* _DIRECTIONS FOR THIS TASK_:
Every line below that holds the string "else" should be copied out.

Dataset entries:
————
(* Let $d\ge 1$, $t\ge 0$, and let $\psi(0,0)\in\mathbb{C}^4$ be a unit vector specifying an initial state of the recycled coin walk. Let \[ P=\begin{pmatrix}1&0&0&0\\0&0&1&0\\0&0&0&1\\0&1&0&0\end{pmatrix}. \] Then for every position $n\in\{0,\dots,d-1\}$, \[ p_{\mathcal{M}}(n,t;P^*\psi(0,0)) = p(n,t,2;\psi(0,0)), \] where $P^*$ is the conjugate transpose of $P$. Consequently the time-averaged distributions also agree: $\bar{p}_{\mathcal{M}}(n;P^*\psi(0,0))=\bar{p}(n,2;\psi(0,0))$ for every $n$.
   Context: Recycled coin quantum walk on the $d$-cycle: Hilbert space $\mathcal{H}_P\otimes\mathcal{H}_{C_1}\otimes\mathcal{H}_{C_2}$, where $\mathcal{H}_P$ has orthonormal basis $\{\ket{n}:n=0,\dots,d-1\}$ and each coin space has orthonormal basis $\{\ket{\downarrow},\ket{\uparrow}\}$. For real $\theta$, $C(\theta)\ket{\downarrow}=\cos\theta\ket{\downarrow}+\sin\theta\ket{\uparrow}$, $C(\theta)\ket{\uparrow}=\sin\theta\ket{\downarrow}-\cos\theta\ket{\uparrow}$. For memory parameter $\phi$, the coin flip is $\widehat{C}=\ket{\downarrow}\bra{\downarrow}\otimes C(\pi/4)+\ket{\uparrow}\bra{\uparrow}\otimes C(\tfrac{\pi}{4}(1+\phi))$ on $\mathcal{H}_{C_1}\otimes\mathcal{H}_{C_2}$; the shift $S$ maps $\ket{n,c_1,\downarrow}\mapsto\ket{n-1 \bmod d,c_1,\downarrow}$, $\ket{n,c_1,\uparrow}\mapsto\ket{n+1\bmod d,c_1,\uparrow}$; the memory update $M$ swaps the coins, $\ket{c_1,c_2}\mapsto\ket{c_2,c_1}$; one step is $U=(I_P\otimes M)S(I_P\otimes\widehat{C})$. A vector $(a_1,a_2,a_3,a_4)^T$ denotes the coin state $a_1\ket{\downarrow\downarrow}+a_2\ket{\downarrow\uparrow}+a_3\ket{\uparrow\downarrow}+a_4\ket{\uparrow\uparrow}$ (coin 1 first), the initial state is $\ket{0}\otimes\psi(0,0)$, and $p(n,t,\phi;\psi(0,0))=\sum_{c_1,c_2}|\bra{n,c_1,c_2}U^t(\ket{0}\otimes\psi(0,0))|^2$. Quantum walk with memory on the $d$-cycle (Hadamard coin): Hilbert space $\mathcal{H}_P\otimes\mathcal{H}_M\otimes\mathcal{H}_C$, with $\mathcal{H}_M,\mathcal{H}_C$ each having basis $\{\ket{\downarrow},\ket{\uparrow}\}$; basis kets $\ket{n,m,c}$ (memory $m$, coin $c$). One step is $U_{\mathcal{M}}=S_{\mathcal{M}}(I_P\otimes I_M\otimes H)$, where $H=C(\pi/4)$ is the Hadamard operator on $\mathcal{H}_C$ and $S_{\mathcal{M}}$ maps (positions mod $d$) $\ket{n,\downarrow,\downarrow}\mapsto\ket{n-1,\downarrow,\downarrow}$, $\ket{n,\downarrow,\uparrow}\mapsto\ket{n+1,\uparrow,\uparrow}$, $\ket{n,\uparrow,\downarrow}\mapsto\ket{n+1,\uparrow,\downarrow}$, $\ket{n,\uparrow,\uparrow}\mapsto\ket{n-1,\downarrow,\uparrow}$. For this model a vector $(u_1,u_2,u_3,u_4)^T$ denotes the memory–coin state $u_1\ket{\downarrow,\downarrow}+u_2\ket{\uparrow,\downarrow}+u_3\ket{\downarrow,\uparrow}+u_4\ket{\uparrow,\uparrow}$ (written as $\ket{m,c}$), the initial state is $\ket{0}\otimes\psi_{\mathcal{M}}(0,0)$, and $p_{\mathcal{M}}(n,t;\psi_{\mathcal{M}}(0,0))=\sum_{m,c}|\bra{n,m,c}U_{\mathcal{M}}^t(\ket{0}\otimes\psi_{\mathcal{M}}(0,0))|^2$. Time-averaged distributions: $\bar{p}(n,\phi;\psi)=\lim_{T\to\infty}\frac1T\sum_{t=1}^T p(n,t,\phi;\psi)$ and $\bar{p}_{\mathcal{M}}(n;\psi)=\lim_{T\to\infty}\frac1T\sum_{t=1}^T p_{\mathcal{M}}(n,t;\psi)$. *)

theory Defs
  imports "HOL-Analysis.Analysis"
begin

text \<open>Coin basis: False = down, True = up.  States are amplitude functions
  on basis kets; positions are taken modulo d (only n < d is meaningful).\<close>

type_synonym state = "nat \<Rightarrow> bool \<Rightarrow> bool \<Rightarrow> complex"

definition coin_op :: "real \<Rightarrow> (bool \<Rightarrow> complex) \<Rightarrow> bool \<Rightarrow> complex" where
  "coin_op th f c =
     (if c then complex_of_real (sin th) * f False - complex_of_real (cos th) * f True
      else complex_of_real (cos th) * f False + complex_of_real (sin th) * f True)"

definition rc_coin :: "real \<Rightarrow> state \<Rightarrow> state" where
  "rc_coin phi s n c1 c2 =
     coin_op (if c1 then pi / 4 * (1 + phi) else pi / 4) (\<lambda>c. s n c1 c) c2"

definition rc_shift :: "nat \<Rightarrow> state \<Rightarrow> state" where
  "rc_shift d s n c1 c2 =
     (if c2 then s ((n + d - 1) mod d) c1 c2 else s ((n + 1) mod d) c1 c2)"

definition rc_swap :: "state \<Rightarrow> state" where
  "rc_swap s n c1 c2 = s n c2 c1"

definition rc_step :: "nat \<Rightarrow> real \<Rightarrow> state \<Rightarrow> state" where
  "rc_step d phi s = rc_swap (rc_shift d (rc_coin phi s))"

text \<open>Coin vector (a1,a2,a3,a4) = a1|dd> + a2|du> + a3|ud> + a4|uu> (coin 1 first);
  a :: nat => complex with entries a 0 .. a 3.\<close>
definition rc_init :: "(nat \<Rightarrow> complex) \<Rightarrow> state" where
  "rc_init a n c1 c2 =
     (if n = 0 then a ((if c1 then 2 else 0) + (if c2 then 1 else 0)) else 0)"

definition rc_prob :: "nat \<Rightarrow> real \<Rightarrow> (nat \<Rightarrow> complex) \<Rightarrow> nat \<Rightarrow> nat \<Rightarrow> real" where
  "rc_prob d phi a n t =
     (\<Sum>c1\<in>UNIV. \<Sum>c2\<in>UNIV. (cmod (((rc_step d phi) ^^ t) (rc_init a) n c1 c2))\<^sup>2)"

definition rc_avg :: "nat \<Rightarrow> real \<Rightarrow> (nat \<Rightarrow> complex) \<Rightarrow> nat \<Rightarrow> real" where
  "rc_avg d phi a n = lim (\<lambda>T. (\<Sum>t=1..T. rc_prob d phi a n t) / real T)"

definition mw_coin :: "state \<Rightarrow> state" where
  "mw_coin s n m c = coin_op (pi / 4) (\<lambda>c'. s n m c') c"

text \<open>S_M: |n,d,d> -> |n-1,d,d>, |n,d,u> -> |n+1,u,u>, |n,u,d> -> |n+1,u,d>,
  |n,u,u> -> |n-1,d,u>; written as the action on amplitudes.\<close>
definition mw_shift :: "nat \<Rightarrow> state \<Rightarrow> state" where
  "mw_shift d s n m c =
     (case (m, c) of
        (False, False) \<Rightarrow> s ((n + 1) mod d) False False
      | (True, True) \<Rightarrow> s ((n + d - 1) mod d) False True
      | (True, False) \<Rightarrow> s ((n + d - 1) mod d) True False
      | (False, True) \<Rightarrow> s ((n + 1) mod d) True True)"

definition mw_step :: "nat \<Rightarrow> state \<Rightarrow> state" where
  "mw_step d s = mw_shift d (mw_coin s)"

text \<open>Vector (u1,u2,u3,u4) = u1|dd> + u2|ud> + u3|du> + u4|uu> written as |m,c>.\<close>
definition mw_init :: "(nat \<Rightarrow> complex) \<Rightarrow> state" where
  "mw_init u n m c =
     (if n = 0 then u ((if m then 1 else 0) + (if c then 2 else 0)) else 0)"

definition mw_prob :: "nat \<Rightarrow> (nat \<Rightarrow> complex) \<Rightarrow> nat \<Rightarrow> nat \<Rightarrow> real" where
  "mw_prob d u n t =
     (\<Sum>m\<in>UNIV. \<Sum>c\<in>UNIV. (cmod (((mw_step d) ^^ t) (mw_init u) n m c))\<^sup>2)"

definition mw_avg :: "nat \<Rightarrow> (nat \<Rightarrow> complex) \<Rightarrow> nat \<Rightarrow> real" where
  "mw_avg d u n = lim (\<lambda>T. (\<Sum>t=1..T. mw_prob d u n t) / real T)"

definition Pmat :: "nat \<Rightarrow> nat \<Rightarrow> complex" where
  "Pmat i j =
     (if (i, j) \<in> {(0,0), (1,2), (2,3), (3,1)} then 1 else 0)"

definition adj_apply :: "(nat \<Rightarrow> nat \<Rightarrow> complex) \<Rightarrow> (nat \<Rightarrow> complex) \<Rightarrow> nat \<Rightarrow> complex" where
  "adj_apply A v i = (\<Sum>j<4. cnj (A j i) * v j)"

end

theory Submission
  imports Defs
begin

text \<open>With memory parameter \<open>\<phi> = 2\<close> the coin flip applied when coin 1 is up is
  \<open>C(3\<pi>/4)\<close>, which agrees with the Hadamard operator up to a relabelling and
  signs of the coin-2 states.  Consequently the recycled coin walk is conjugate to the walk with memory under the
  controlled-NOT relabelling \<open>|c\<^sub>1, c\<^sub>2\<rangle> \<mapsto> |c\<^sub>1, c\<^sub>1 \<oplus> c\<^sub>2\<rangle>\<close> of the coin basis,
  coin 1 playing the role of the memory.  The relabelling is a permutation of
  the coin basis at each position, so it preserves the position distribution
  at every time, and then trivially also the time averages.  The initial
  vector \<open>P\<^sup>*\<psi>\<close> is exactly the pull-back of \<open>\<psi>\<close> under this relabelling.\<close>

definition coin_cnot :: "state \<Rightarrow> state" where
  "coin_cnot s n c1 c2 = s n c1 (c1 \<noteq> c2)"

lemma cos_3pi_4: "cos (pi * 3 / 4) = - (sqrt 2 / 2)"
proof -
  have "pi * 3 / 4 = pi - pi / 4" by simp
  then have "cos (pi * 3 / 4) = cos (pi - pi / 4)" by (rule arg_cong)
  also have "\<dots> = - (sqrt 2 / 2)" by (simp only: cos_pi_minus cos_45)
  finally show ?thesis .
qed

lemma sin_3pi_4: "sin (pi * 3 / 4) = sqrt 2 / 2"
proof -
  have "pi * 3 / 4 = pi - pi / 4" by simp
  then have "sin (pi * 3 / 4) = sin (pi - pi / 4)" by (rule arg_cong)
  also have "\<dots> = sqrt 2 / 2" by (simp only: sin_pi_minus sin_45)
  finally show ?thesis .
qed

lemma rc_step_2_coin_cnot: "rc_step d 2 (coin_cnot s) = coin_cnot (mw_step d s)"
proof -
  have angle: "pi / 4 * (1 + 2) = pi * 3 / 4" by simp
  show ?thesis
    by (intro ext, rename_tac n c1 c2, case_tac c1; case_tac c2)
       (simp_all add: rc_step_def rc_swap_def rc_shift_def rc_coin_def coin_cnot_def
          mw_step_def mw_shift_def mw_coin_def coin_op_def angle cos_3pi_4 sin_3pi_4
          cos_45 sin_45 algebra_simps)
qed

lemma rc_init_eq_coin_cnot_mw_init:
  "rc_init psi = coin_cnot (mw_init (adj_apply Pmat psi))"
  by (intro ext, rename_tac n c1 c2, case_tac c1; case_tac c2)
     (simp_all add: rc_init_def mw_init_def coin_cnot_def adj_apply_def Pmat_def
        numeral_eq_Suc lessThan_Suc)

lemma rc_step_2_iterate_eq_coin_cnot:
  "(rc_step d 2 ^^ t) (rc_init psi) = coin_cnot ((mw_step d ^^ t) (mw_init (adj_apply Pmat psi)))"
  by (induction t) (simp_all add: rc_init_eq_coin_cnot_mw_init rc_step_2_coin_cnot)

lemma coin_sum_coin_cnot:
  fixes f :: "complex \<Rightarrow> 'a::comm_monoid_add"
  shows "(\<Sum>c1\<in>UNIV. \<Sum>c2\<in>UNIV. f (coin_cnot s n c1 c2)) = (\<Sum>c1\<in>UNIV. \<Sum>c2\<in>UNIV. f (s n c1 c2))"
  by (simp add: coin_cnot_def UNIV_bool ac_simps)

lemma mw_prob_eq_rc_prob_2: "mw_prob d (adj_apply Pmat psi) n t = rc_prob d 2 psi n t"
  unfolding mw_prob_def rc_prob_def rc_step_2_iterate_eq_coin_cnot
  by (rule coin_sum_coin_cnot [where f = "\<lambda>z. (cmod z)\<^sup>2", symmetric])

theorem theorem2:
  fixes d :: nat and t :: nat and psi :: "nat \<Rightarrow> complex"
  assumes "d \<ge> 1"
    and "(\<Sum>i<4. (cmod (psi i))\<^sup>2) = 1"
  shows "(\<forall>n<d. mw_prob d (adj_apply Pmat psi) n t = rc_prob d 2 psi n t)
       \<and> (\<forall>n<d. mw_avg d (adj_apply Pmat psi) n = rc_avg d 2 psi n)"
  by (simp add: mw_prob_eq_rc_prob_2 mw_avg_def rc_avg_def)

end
————
* _TASK RESULT_:
      else complex_of_real (cos th) * f False + complex_of_real (sin th) * f True)"
     coin_op (if c1 then pi / 4 * (1 + phi) else pi / 4) (\<lambda>c. s n c1 c) c2"
     (if c2 then s ((n + d - 1) mod d) c1 c2 else s ((n + 1) mod d) c1 c2)"
     (if n = 0 then a ((if c1 then 2 else 0) + (if c2 then 1 else 0)) else 0)"
     (if n = 0 then u ((if m then 1 else 0) + (if c then 2 else 0)) else 0)"
     (if (i, j) \<in> {(0,0), (1,2), (2,3), (3,1)} then 1 else 0)"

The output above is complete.